How early could Gatling gun like those we know today come in to operation? Its not much of an innovation. More like a new application of old ideas. What it boils down to is that by motorizing a technology from 1860s we now have the highest possible ROF for a normal gun (not considering Metal storm completely different system). I'm not 100% but i think I saw on the History Channel that Gatling himself had ideas for motorizing his gun but it wasn't feasable at the time.

When would motorizin the gun be practical. How would this change events.

I could see them becoming feasable during WW 1 but there wouldnt be much of a need for it, and it would be but on the back burner till WW2.

Once we come to WW2 however the tecnology become available to realy exploit it. How would this influence plane design and ship defense?
 
AFAIR the precision machining of cartridges required to make machine guns really reliable came in the course of the 1890s, so around then. The technology for electric motors exists since the 1870s, but the power required to crank a Gatling at high speed will do bad things to its mechanism when it jams.
 

Markus

Banned
What carlton said, but like you hinted; why build it in the first place? The rate of fire will be insane and there is not target requiring such a ROF.
WW2 does not change that. 20mm guns were replaced by 37/40mm ones not because the former´s ROF was too low, but mainly because they lacked range.

However, a 40mm Gatling would save a lot of space compared to a 40mm quad mount.

IMO no one will look into it before the mid-30 and even than multi barrel "conventional" guns are a much more likely sollution, since they can be implemented with little development.
 
A Gatling was actually motorised in the 1890s and hit c.3,000 rpm IIRC, but at the time no-one could see a need for a gun which wasted ammo at such a prodigious rate.
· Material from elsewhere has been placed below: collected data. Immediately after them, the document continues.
(* Let $\boldsymbol\theta_0,\boldsymbol\theta_1,\dots\in\mathbb{R}^{d\times d}$ be orthogonal and let $Z_0^{\parallel},Z_1^{\parallel},\dots\subseteq\mathbb{R}^d$ be linear subspaces with $\boldsymbol\theta_t Z_t^{\parallel}=Z_{t+1}^{\parallel}$; let $\mathbf{P}_t$ be the orthogonal projection onto $Z_t^{\parallel}$ and let $\alpha_t\in\mathbb{R}$. Define $\mathbf{P}_t^0=\mathbf{P}_t$, $\mathbf{P}_t^{s+1}=\boldsymbol\theta_{t-s-1}^{-1}\mathbf{P}_t^s\boldsymbol\theta_{t-s-1}$ for $0\le s\le t-1$, $\mathbf{G}_t^s=\alpha_t\mathbf{I}+(1-\alpha_t)\mathbf{P}_t^s$, and $\mathbf{F}_t=\mathbf{G}_{t-1}^{t-1}\mathbf{G}_{t-2}^{t-2}\cdots\mathbf{G}_0^0$ for $t\ge1$. Then for all $t\ge1$, $$\mathbf{F}_t=\Big(\prod_{s=0}^{t-1}\alpha_s\Big)\mathbf{I}+\Big(1-\prod_{s=0}^{t-1}\alpha_s\Big)\mathbf{P}_0 .$$
   Context: $Z_t^{\parallel}$ is the linear embedding subspace of the data at layer $t$ of a network with linear layer maps $\boldsymbol\theta_t$; $\alpha_t$ are control regularization factors. *)

theory Defs
  imports "HOL-Analysis.Analysis"
begin

definition is_orth_proj :: "real^'n^'n \<Rightarrow> (real^'n) set \<Rightarrow> bool" where
  "is_orth_proj P Z \<longleftrightarrow> (\<forall>x. P *v x \<in> Z \<and> (\<forall>z\<in>Z. (x - P *v x) \<bullet> z = 0))"

fun Pconj :: "(nat \<Rightarrow> real^'n^'n) \<Rightarrow> (nat \<Rightarrow> real^'n^'n) \<Rightarrow> nat \<Rightarrow> nat \<Rightarrow> real^'n^'n" where
  "Pconj \<theta> P t 0 = P t"
| "Pconj \<theta> P t (Suc s) = matrix_inv (\<theta> (t - s - 1)) ** Pconj \<theta> P t s ** \<theta> (t - s - 1)"

definition Gmat :: "(nat \<Rightarrow> real^'n^'n) \<Rightarrow> (nat \<Rightarrow> real^'n^'n) \<Rightarrow> (nat \<Rightarrow> real) \<Rightarrow> nat \<Rightarrow> nat \<Rightarrow> real^'n^'n" where
  "Gmat \<theta> P \<alpha> t s = \<alpha> t *\<^sub>R mat 1 + (1 - \<alpha> t) *\<^sub>R Pconj \<theta> P t s"

fun Fmat :: "(nat \<Rightarrow> real^'n^'n) \<Rightarrow> (nat \<Rightarrow> real^'n^'n) \<Rightarrow> (nat \<Rightarrow> real) \<Rightarrow> nat \<Rightarrow> real^'n^'n" where
  "Fmat \<theta> P \<alpha> 0 = mat 1"
| "Fmat \<theta> P \<alpha> (Suc t) = Gmat \<theta> P \<alpha> t t ** Fmat \<theta> P \<alpha> t"

end

theory Submission
  imports Defs
begin

text \<open>Conjugation by an orthogonal map carrying \<open>Z\<close> onto \<open>Z'\<close> turns the orthogonal projection
  onto \<open>Z'\<close> into the one onto \<open>Z\<close>. So \<open>P_t^s\<close> is the orthogonal projection onto \<open>Z_(t-s)\<close>, and
  \<open>P_t^t = P_0\<close> by uniqueness of orthogonal projections. Every factor \<open>G_t^t\<close> of \<open>F_t\<close> is then of the
  form \<open>a I + (1 - a) P_0\<close> with \<open>P_0\<close> idempotent, and such matrices multiply like their scalars \<open>a\<close>.\<close>

lemma matrix_inv_unique:
  fixes A B :: "'a::semiring_1^'n^'n"
  assumes "A ** B = mat 1" and "B ** A = mat 1"
  shows "matrix_inv A = B"
proof -
  have inv: "A ** matrix_inv A = mat 1 \<and> matrix_inv A ** A = mat 1"
    unfolding matrix_inv_def using assms by (rule someI[of _ B, OF conjI])
  then have "matrix_inv A = (B ** A) ** matrix_inv A"
    using assms by simp
  also have "\<dots> = B"
    using inv by (simp flip: matrix_mul_assoc)
  finally show ?thesis .
qed

lemma matrix_inv_orthogonal_matrix:
  "orthogonal_matrix (Q::real^'n^'n) \<Longrightarrow> matrix_inv Q = transpose Q"
  unfolding orthogonal_matrix_def by (rule matrix_inv_unique) auto

lemma orthogonal_matrix_transpose_cancel:
  "orthogonal_matrix (Q::real^'n^'n) \<Longrightarrow> transpose Q *v (Q *v x) = x"
  by (metis matrix_vector_mul_assoc orthogonal_matrix matrix_vector_mul_lid)

lemma orthogonal_matrix_inner:
  assumes "orthogonal_matrix (Q::real^'n^'n)"
  shows "(Q *v x) \<bullet> (Q *v y) = x \<bullet> y"
proof -
  have "(Q *v x) \<bullet> (Q *v y) = (transpose Q *v (Q *v x)) \<bullet> y"
    by (simp add: dot_lmul_matrix)
  also have "\<dots> = x \<bullet> y"
    by (simp only: orthogonal_matrix_transpose_cancel[OF assms])
  finally show ?thesis .
qed

lemma is_orth_proj_fixes:
  assumes "subspace Z" and "is_orth_proj R Z" and "z \<in> Z"
  shows "R *v z = z"
proof -
  have "z - R *v z \<in> Z"
    using assms by (simp add: is_orth_proj_def subspace_diff)
  then have "(z - R *v z) \<bullet> (z - R *v z) = 0"
    using assms(2) by (simp add: is_orth_proj_def)
  then show ?thesis by simp
qed

lemma is_orth_proj_idempotent:
  assumes "subspace Z" and "is_orth_proj R Z"
  shows "R ** R = R"
  using is_orth_proj_fixes[OF assms] assms(2)
  by (simp add: matrix_eq is_orth_proj_def flip: matrix_vector_mul_assoc)

lemma is_orth_proj_unique:
  assumes "subspace Z" and "is_orth_proj R Z" and "is_orth_proj S Z"
  shows "R = S"
proof -
  have "R *v x = S *v x" for x
  proof -
    have "R *v x - S *v x \<in> Z"
      using assms by (simp add: is_orth_proj_def subspace_diff)
    then have "(x - R *v x) \<bullet> (R *v x - S *v x) = 0" "(x - S *v x) \<bullet> (R *v x - S *v x) = 0"
      using assms(2,3) by (simp_all add: is_orth_proj_def)
    then have "(R *v x - S *v x) \<bullet> (R *v x - S *v x) = 0"
      by (simp add: inner_diff_left inner_diff_right inner_commute)
    then show ?thesis by simp
  qed
  then show ?thesis by (simp add: matrix_eq)
qed

lemma is_orth_proj_orthogonal_conj:
  assumes Q: "orthogonal_matrix (Q::real^'n^'n)"
    and image: "(\<lambda>x. Q *v x) ` Z = Z'"
    and R: "is_orth_proj R Z'"
  shows "is_orth_proj (matrix_inv Q ** R ** Q) Z"
  unfolding is_orth_proj_def
proof (intro allI conjI ballI)
  fix x
  have conj: "matrix_inv Q ** R ** Q *v x = transpose Q *v (R *v (Q *v x))"
    by (simp add: matrix_inv_orthogonal_matrix[OF Q] matrix_vector_mul_assoc matrix_mul_assoc)
  have "R *v (Q *v x) \<in> Z'"
    using R by (simp add: is_orth_proj_def)
  then obtain z where "z \<in> Z" "R *v (Q *v x) = Q *v z"
    using image by blast
  then show "matrix_inv Q ** R ** Q *v x \<in> Z"
    using conj orthogonal_matrix_transpose_cancel[OF Q] by metis
  fix w assume "w \<in> Z"
  then have "(Q *v x - R *v (Q *v x)) \<bullet> (Q *v w) = 0"
    using image R by (auto simp: is_orth_proj_def)
  then show "(x - matrix_inv Q ** R ** Q *v x) \<bullet> w = 0"
    by (simp add: conj inner_diff_left dot_lmul_matrix orthogonal_matrix_inner[OF Q])
qed

lemma Pconj_is_orth_proj:
  assumes orth: "\<And>t. orthogonal_matrix (\<theta> t)"
    and img: "\<And>t. (\<lambda>x. \<theta> t *v x) ` Z t = Z (Suc t)"
    and proj: "\<And>t. is_orth_proj (P t) (Z t)"
    and "s \<le> t"
  shows "is_orth_proj (Pconj \<theta> P t s) (Z (t - s))"
  using \<open>s \<le> t\<close>
proof (induction s)
  case 0
  then show ?case using proj by simp
next
  case (Suc s)
  then have "is_orth_proj (Pconj \<theta> P t s) (Z (Suc (t - Suc s)))"
    by (simp add: Suc_diff_Suc)
  from is_orth_proj_orthogonal_conj[OF orth img this] show ?case
    by (simp add: diff_diff_add)
qed

lemma Pconj_diagonal:
  assumes orth: "\<And>t. orthogonal_matrix (\<theta> t)"
    and sub: "subspace (Z 0)"
    and img: "\<And>t. (\<lambda>x. \<theta> t *v x) ` Z t = Z (Suc t)"
    and proj: "\<And>t. is_orth_proj (P t) (Z t)"
  shows "Pconj \<theta> P t t = P 0"
  using is_orth_proj_unique[OF sub _ proj]
    Pconj_is_orth_proj[where Z=Z and s=t and t=t, OF orth img proj]
  by simp

lemma affine_idempotent_mult:
  fixes P :: "real^'n^'n"
  assumes "P ** P = P"
  shows "(a *\<^sub>R mat 1 + (1 - a) *\<^sub>R P) ** (c *\<^sub>R mat 1 + (1 - c) *\<^sub>R P)
    = (a * c) *\<^sub>R mat 1 + (1 - a * c) *\<^sub>R P"
proof -
  have idem: "P *v (P *v x) = P *v x" for x
    using assms by (simp add: matrix_vector_mul_assoc)
  have "(a *\<^sub>R mat 1 + (1 - a) *\<^sub>R P) ** (c *\<^sub>R mat 1 + (1 - c) *\<^sub>R P)
      = (a * c) *\<^sub>R mat 1 + (a * (1 - c) + (1 - a) * c + (1 - a) * (1 - c)) *\<^sub>R P"
    by (simp add: matrix_eq matrix_vector_mul_assoc[symmetric] matrix_vector_right_distrib
        scaleR_matrix_vector_assoc[symmetric] matrix_vector_mult_scaleR idem algebra_simps)
  then show ?thesis by (simp add: algebra_simps)
qed

lemma Fmat_eq_affine:
  assumes diag: "\<And>t. Pconj \<theta> P t t = P 0" and idem: "P 0 ** P 0 = P 0"
  shows "Fmat \<theta> P \<alpha> t = (\<Prod>s<t. \<alpha> s) *\<^sub>R mat 1 + (1 - (\<Prod>s<t. \<alpha> s)) *\<^sub>R P 0"
proof (induction t)
  case 0
  then show ?case by simp
next
  case (Suc t)
  let ?c = "\<Prod>s<t. \<alpha> s"
  have "Fmat \<theta> P \<alpha> (Suc t)
      = (\<alpha> t *\<^sub>R mat 1 + (1 - \<alpha> t) *\<^sub>R P 0) ** (?c *\<^sub>R mat 1 + (1 - ?c) *\<^sub>R P 0)"
    by (simp only: Fmat.simps Gmat_def diag Suc.IH)
  also have "\<dots> = (\<alpha> t * ?c) *\<^sub>R mat 1 + (1 - \<alpha> t * ?c) *\<^sub>R P 0"
    by (rule affine_idempotent_mult[OF idem])
  finally show ?case
    by (simp only: prod.lessThan_Suc mult.commute)
qed

theorem lemma5:
  fixes \<theta> P :: "nat \<Rightarrow> real^'n^'n" and Z :: "nat \<Rightarrow> (real^'n) set" and \<alpha> :: "nat \<Rightarrow> real"
  assumes orth: "\<And>t. orthogonal_matrix (\<theta> t)"
    and sub: "\<And>t. subspace (Z t)"
    and img: "\<And>t. (\<lambda>x. \<theta> t *v x) ` Z t = Z (Suc t)"
    and proj: "\<And>t. is_orth_proj (P t) (Z t)"
    and t: "t \<ge> 1"
  shows "Fmat \<theta> P \<alpha> t = (\<Prod>s<t. \<alpha> s) *\<^sub>R mat 1 + (1 - (\<Prod>s<t. \<alpha> s)) *\<^sub>R P 0"
proof (rule Fmat_eq_affine)
  show "Pconj \<theta> P t' t' = P 0" for t'
    using Pconj_diagonal[where Z=Z, OF orth sub img proj] .
  show "P 0 ** P 0 = P 0"
    using is_orth_proj_idempotent[OF sub proj] .
qed

end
The problem with a WW2 aircraft Gatling is that fighter guns were generally mounted either in the wings, or in the cowling alongside the engine: in either case, they needed to be slim (which a Gatling certainly isn't). Even in bomber installations the bulky barrel group would have caused problems when turned sideways, because of the huge air drag. The only suitable installation would have been fixed in the fuselage of a twin-engined fighter or attack plane (e.g. the P-38 Lightning or A-20). And it didn't really make sense to adopt a special gun for such limited use - it was easier to just fit a bunch of conventional guns together.